Over. And over. And over. And over. Infinitely. Stack overflow. Sorry.

Okay, so that was a recursion joke, when this is obviously iterative. But it's still infinite.

Now, step 2 is where all the "interesting" stuff happens, sure. But I find that the interesting stuff is mostly error checking, formatting, and excluding. Not very interesting at all. A few calls to date(), a slightly different SELECT statement. It's all the same.

I realized this before I started using Content Management Systems. Actually, when I was writing modules for a proprietary CMS was one of those times when I felt like I had just written the same code. Because I had. Names, addresses, phone numbers, fax numbers, etc. Same thing, different day.

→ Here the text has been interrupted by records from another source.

lemma christoffel_darboux_sum:
  assumes b: "b > 0"
  shows "(\<Sum>m\<le>n. fact m / pochhammer b m * (lag_neg b m y) ^ 2)
    = fact (Suc n) / pochhammer b n *
      (lag_neg (b + 1) n y * lag_neg b n y
       - lag_neg b (Suc n) y * (if n = 0 then 0 else lag_neg (b + 1) (n - 1) y))"
proof (induction n)
  case 0
  show ?case by simp
next
  case (Suc n)
  define F0 F1 F2 Gm G0 G1 where "F0 = lag_neg b n y" "F1 = lag_neg b (Suc n) y"
    "F2 = lag_neg b (Suc (Suc n)) y" "Gm = (if n = 0 then 0 else lag_neg (b + 1) (n - 1) y)"
    "G0 = lag_neg (b + 1) n y" "G1 = lag_neg (b + 1) (Suc n) y"
  note defs = F0_F1_F2_Gm_G0_G1_def
  have contig0: "F0 = G0 - Gm"
    using lag_neg_contiguous[of b "n - 1" y] unfolding defs by (cases n) simp_all
  have step: "(real n + 2) * (G1 * F1 - F2 * G0) = (b + real n) * (G0 * F0 - F1 * Gm) + F1 ^ 2"
  proof (rule christoffel_darboux_step[OF _ contig0])
    show "F1 = G1 - G0" unfolding defs by (rule lag_neg_contiguous)
    show "(real n + 1) * F1 = (real n + b) * F0 + y * G0"
      using lag_neg_recurrence[of n b y] unfolding defs by (simp add: add.commute)
    show "(real n + 2) * F2 = (real n + 1 + b) * F1 + y * G1"
      using lag_neg_recurrence[of "Suc n" b y] unfolding defs by (simp add: add_ac)
  qed
  define p where "p = pochhammer b n"
  have pos: "p > 0" "b + real n > 0" unfolding p_def using b by (simp_all add: pochhammer_pos)
  have poch_Suc: "pochhammer b (Suc n) = p * (b + real n)" unfolding p_def by (simp add: pochhammer_Suc)
  have "(\<Sum>m\<le>Suc n. fact m / pochhammer b m * (lag_neg b m y) ^ 2)
      = fact (Suc n) / p * (G0 * F0 - F1 * Gm) + fact (Suc n) / (p * (b + real n)) * F1 ^ 2"
    using Suc.IH poch_Suc unfolding defs p_def by simp
  also have "\<dots> = fact (Suc n) / (p * (b + real n)) * ((b + real n) * (G0 * F0 - F1 * Gm) + F1 ^ 2)"
  proof -
    have "c / p * Y + c / (p * e) * Z = c / (p * e) * (e * Y + Z)" if "p \<noteq> 0" "e \<noteq> 0"
      for c p e Y Z :: real using that by (simp add: field_simps)
    then show ?thesis using pos by simp
  qed
  also have "\<dots> = fact (Suc (Suc n)) / (p * (b + real n)) * (G1 * F1 - F2 * G0)"
    unfolding step[symmetric] by (simp add: fact_Suc add_ac)
  finally show ?case unfolding defs poch_Suc by simp
qed
lemma mu_list_on_swap_side: "mu_list_on (swap_side ` N) l = tau l (mu_list_on N l)"
proof (rule nth_equalityI)
  show "length (mu_list_on (swap_side ` N) l) = length (tau l (mu_list_on N l))"
    by (simp add: mu_list_on_def tau_def)
next
  fix k
  assume "k < length (mu_list_on (swap_side ` N) l)"
  then have "k < l"
    by (simp add: mu_list_on_def del: upt_Suc)
  then show "mu_list_on (swap_side ` N) l ! k = tau l (mu_list_on N l) ! k"
    using mu_on_swap_side[of "Suc k"]
    by (simp add: mu_list_on_def tau_def rev_nth Suc_diff_Suc del: upt_Suc)
qed

text \<open>The high block of N is the low block of the swapped vertex set.\<close>

lemma mu_high_range:
  assumes "i \<in> {nlow + 2..l}"
  shows "1 \<le> mu i \<and> mu i \<le> nlow + 1"
proof -
  interpret S: tree_pair_vertices "swap_side ` N" l
    by (rule tree_pair_vertices_swap_side)
  have "l + 1 - i \<in> {1..nhigh}" "l + 1 - (l + 1 - i) = i"
    using assms nlow_nhigh by auto
  then have "nhigh + 1 \<le> l + 1 - mu i \<and> l + 1 - mu i \<le> l"
    using S.mu_low_range[of "l + 1 - i"] mu_on_swap_side[of "l + 1 - i"] nlow_nhigh
    by (simp add: nlow_swap_side)
  then show ?thesis
    using nlow_nhigh by linarith
qed
(* Consider an instance of the Steiner Team Orienteering Problem and the linear program $\mathcal{L}_2$ as described in the context. Let $(\bar{x},\bar{y},\bar{f},\bar{\varphi})$ be a feasible solution of $\mathcal{L}_2$ and let $\tau=\sum_{i\in P}p_i\bar{y}_i$. Let $C\subseteq P$ be a cover for the knapsack inequality $\sum_{i\in P}p_iy_i\le\lfloor\tau\rfloor$, i.e. $\sum_{i\in C}p_i>\lfloor\tau\rfloor$, such that $\bar{y}_i>0$ for all $i\in C$. Then there exists $i\in C$ with $0<\bar{y}_i<1$.
   Context: An instance of the Steiner Team Orienteering Problem (STOP) consists of: a digraph $G=(N,A)$; an origin $s\in N$ and a destination $t\in N$ with $s\neq t$; disjoint sets $S,P\subseteq N\setminus\{s,t\}$ (mandatory and profitable vertices) with $N=S\cup P\cup\{s,t\}$; rewards $p_i\in\mathbb{Z}^+$ for $i\in P$; traverse times $d_{ij}\in\mathbb{R}^+$ for $(i,j)\in A$; a number $m$ of vehicles and a time limit $T$. For $i\in N$ let $\delta^+(i)=\{j\in N:(i,j)\in A\}$ and $\delta^-(i)=\{j\in N:(j,i)\in A\}$. For $i,j\in N$, $R_{ij}$ denotes the minimum of $\sum_{a\in A_p}d_a$ over all paths $p$ from $i$ to $j$ in $G$ (with arc set $A_p$), and $R_{ii}=0$. $\mathcal{L}_2$ is the linear program: maximize $\sum_{i\in P}p_iy_i$ over $x\in\mathbb{R}^A$, $y\in\mathbb{R}^N$, $f\in\mathbb{R}^A$, $\varphi\in\mathbb{R}$ subject to: $y_i=1$ for all $i\in S\cup\{s,t\}$; $\sum_{j\in\delta^+(i)}x_{ij}=y_i$ for all $i\in S\cup P$; $\sum_{j\in\delta^+(s)}x_{sj}=\sum_{i\in\delta^-(t)}x_{it}=m-\varphi$; $\sum_{i\in\delta^-(s)}x_{is}=\sum_{j\in\delta^+(t)}x_{tj}=0$; $\sum_{j\in\delta^+(i)}x_{ij}-\sum_{j\in\delta^-(i)}x_{ji}=0$ for all $i\in S\cup P$; $f_{sj}=(T-d_{sj})x_{sj}$ for all $j\in\delta^+(s)$; $\sum_{j\in\delta^-(i)}f_{ji}-\sum_{j\in\delta^+(i)}f_{ij}=\sum_{j\in\delta^+(i)}d_{ij}x_{ij}$ for all $i\in S\cup P$; $f_{ij}\le(T-R_{si}-d_{ij})x_{ij}$ for all $(i,j)\in A$ with $i\neq s$; $f_{ij}\ge R_{jt}x_{ij}$ for all $(i,j)\in A$; $0\le x\le1$, $0\le y\le 1$, $f\ge0$, $0\le\varphi\le m$. *)

theory Defs
  imports Complex_Main
begin

text \<open>Steiner Team Orienteering Problem (STOP) instance data:
  vertex set N, arc set A, origin s, destination t, mandatory vertices S,
  profitable vertices P, rewards p, traverse times d, number of vehicles m,
  time limit T.\<close>

definition stop_instance ::
  "'a set \<Rightarrow> ('a \<times> 'a) set \<Rightarrow> 'a \<Rightarrow> 'a \<Rightarrow> 'a set \<Rightarrow> 'a set
   \<Rightarrow> ('a \<Rightarrow> int) \<Rightarrow> ('a \<times> 'a \<Rightarrow> real) \<Rightarrow> nat \<Rightarrow> real \<Rightarrow> bool" where
  "stop_instance N A s t S P p d m T \<longleftrightarrow>
     finite N \<and> A \<subseteq> N \<times> N \<and> s \<in> N \<and> t \<in> N \<and> s \<noteq> t \<and>
     S \<subseteq> N - {s, t} \<and> P \<subseteq> N - {s, t} \<and> S \<inter> P = {} \<and>
     N = S \<union> P \<union> {s, t} \<and>
     (\<forall>i\<in>P. p i > 0) \<and> (\<forall>a\<in>A. d a > 0)"

definition out_nbrs :: "'a set \<Rightarrow> ('a \<times> 'a) set \<Rightarrow> 'a \<Rightarrow> 'a set" where
  "out_nbrs N A i = {j \<in> N. (i, j) \<in> A}"

definition in_nbrs :: "'a set \<Rightarrow> ('a \<times> 'a) set \<Rightarrow> 'a \<Rightarrow> 'a set" where
  "in_nbrs N A i = {j \<in> N. (j, i) \<in> A}"

definition is_path :: "('a \<times> 'a) set \<Rightarrow> 'a \<Rightarrow> 'a \<Rightarrow> 'a list \<Rightarrow> bool" where
  "is_path A i j vs \<longleftrightarrow> vs \<noteq> [] \<and> hd vs = i \<and> last vs = j \<and> distinct vs \<and>
     (\<forall>e \<in> set (zip vs (tl vs)). e \<in> A)"

definition path_cost :: "('a \<times> 'a \<Rightarrow> real) \<Rightarrow> 'a list \<Rightarrow> real" where
  "path_cost d vs = sum_list (map d (zip vs (tl vs)))"

definition Rdist :: "('a \<times> 'a) set \<Rightarrow> ('a \<times> 'a \<Rightarrow> real) \<Rightarrow> 'a \<Rightarrow> 'a \<Rightarrow> real" where
  "Rdist A d i j = (if i = j then 0 else Inf {path_cost d vs | vs. is_path A i j vs})"

definition L2_feasible ::
  "'a set \<Rightarrow> ('a \<times> 'a) set \<Rightarrow> 'a \<Rightarrow> 'a \<Rightarrow> 'a set \<Rightarrow> 'a set
   \<Rightarrow> ('a \<times> 'a \<Rightarrow> real) \<Rightarrow> nat \<Rightarrow> real
   \<Rightarrow> ('a \<times> 'a \<Rightarrow> real) \<Rightarrow> ('a \<Rightarrow> real) \<Rightarrow> ('a \<times> 'a \<Rightarrow> real) \<Rightarrow> real \<Rightarrow> bool" where
  "L2_feasible N A s t S P d m T x y f \<phi> \<longleftrightarrow>
     (\<forall>i \<in> S \<union> {s, t}. y i = 1) \<and>
     (\<forall>i \<in> S \<union> P. (\<Sum>j\<in>out_nbrs N A i. x (i, j)) = y i) \<and>
     (\<Sum>j\<in>out_nbrs N A s. x (s, j)) = real m - \<phi> \<and>
     (\<Sum>i\<in>in_nbrs N A t. x (i, t)) = real m - \<phi> \<and>
     (\<Sum>i\<in>in_nbrs N A s. x (i, s)) = 0 \<and>
     (\<Sum>j\<in>out_nbrs N A t. x (t, j)) = 0 \<and>
     (\<forall>i \<in> S \<union> P. (\<Sum>j\<in>out_nbrs N A i. x (i, j)) - (\<Sum>j\<in>in_nbrs N A i. x (j, i)) = 0) \<and>
     (\<forall>j \<in> out_nbrs N A s. f (s, j) = (T - d (s, j)) * x (s, j)) \<and>
     (\<forall>i \<in> S \<union> P. (\<Sum>j\<in>in_nbrs N A i. f (j, i)) - (\<Sum>j\<in>out_nbrs N A i. f (i, j))
                    = (\<Sum>j\<in>out_nbrs N A i. d (i, j) * x (i, j))) \<and>
     (\<forall>(i, j) \<in> A. i \<noteq> s \<longrightarrow> f (i, j) \<le> (T - Rdist A d s i - d (i, j)) * x (i, j)) \<and>
     (\<forall>(i, j) \<in> A. f (i, j) \<ge> Rdist A d j t * x (i, j)) \<and>
     (\<forall>a \<in> A. 0 \<le> x a \<and> x a \<le> 1) \<and>
     (\<forall>i \<in> N. 0 \<le> y i \<and> y i \<le> 1) \<and>
     (\<forall>a \<in> A. 0 \<le> f a) \<and>
     0 \<le> \<phi> \<and> \<phi> \<le> real m"

end

theory Submission
  imports Defs
begin

text \<open>If every \<open>y\<^sub>i\<close>, \<open>i \<in> C\<close>, were integral, the positivity assumption forces
  \<open>y\<^sub>i = 1\<close> on \<open>C\<close>, so the integer \<open>p(C)\<close> is at most \<open>\<tau>\<close> and hence at most \<open>\<lfloor>\<tau>\<rfloor>\<close>,
  contradicting the cover property.\<close>

lemma int_sum_le_floor_weighted_sum:
  fixes p :: "'a \<Rightarrow> int" and y :: "'a \<Rightarrow> real"
  assumes "finite P" and "C \<subseteq> P"
    and "\<forall>i\<in>P. 0 \<le> p i" and "\<forall>i\<in>P. 0 \<le> y i" and "\<forall>i\<in>C. y i = 1"
  shows "(\<Sum>i\<in>C. p i) \<le> \<lfloor>\<Sum>i\<in>P. real_of_int (p i) * y i\<rfloor>"
proof -
  have "real_of_int (\<Sum>i\<in>C. p i) = (\<Sum>i\<in>C. real_of_int (p i) * y i)"
    using assms(5) by simp
  also have "\<dots> \<le> (\<Sum>i\<in>P. real_of_int (p i) * y i)"
    using assms by (intro sum_mono2) auto
  finally show ?thesis
    by (simp add: le_floor_iff)
qed

lemma knapsack_cover_has_fractional_entry:
  fixes p :: "'a \<Rightarrow> int" and y :: "'a \<Rightarrow> real"
  assumes "finite P" and "C \<subseteq> P"
    and "\<forall>i\<in>P. 0 \<le> p i" and "\<forall>i\<in>P. 0 \<le> y i \<and> y i \<le> 1"
    and cover: "(\<Sum>i\<in>C. p i) > \<lfloor>\<Sum>i\<in>P. real_of_int (p i) * y i\<rfloor>"
    and "\<forall>i\<in>C. y i > 0"
  shows "\<exists>i\<in>C. 0 < y i \<and> y i < 1"
proof (rule ccontr)
  assume "\<not> (\<exists>i\<in>C. 0 < y i \<and> y i < 1)"
  with assms(2,4,6) have "\<forall>i\<in>C. y i = 1"
    by force
  with assms(1-4) have "(\<Sum>i\<in>C. p i) \<le> \<lfloor>\<Sum>i\<in>P. real_of_int (p i) * y i\<rfloor>"
    by (intro int_sum_le_floor_weighted_sum) auto
  with cover show False
    by simp
qed

theorem proposition3:
  fixes N :: "'a set" and A :: "('a \<times> 'a) set" and s t :: 'a and S P C :: "'a set"
    and p :: "'a \<Rightarrow> int" and d :: "'a \<times> 'a \<Rightarrow> real" and m :: nat and T :: real
    and x :: "'a \<times> 'a \<Rightarrow> real" and y :: "'a \<Rightarrow> real" and f :: "'a \<times> 'a \<Rightarrow> real"
    and \<phi> :: real
  assumes inst: "stop_instance N A s t S P p d m T"
    and feas: "L2_feasible N A s t S P d m T x y f \<phi>"
    and CP: "C \<subseteq> P"
    and cover: "(\<Sum>i\<in>C. p i) > \<lfloor>\<Sum>i\<in>P. real_of_int (p i) * y i\<rfloor>"
    and pos: "\<forall>i\<in>C. y i > 0"
  shows "\<exists>i\<in>C. 0 < y i \<and> y i < 1"
proof -
  have "finite N" and "P \<subseteq> N" and "\<forall>i\<in>P. 0 \<le> p i"
    using inst unfolding stop_instance_def by (auto simp: less_imp_le)
  moreover have "\<forall>i\<in>N. 0 \<le> y i \<and> y i \<le> 1"
    using feas unfolding L2_feasible_def by blast
  ultimately show ?thesis
    using CP cover pos
    by (intro knapsack_cover_has_fractional_entry) (auto intro: finite_subset)
qed

end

Then I started a project with Expression Engine. Those guys had the back end right. It starts out as a blogging engine, but the user can create several different "blogs" - which are just collectiosn of data. They can define their own fields, and even define relationships between different blogs, based on the content of fields. I no longer had to create another damn contact info table. I just used the same set of fields in a different blog. Awesome.

Expression Engine, of course, has its shortcomings, and it's definitely not for everybody. But the way they genericize the back end is awesome. You can make a blog, a gallery, a news feed, a mailing list - damn near anything.

I feel like it could all be genericized further, though the little bits of processing that have to take place are the sticking point. I've kind of been thinking about it, and it may be possible to do simply make a function that takes whatever's in $_INPUT and puts it in the database. Then maybe a set of functions that gets you that data however you want it. An array, a JSON string, an HTML table, an HTML list, RSS feed, or anything you can think of.

Really, I think this is a pipe dream. It's foolish. It's not going to happen. But I'll continue using CMS's to get around the tedious and repetetive back end work of data collection and display. It gets to the point where it bores me to tears, and I'll go do laundry before I write another HTML form.

Oh, don't worry. I'll still do it. But while I'm doing it, I'll probably be looking for a way to make it generic.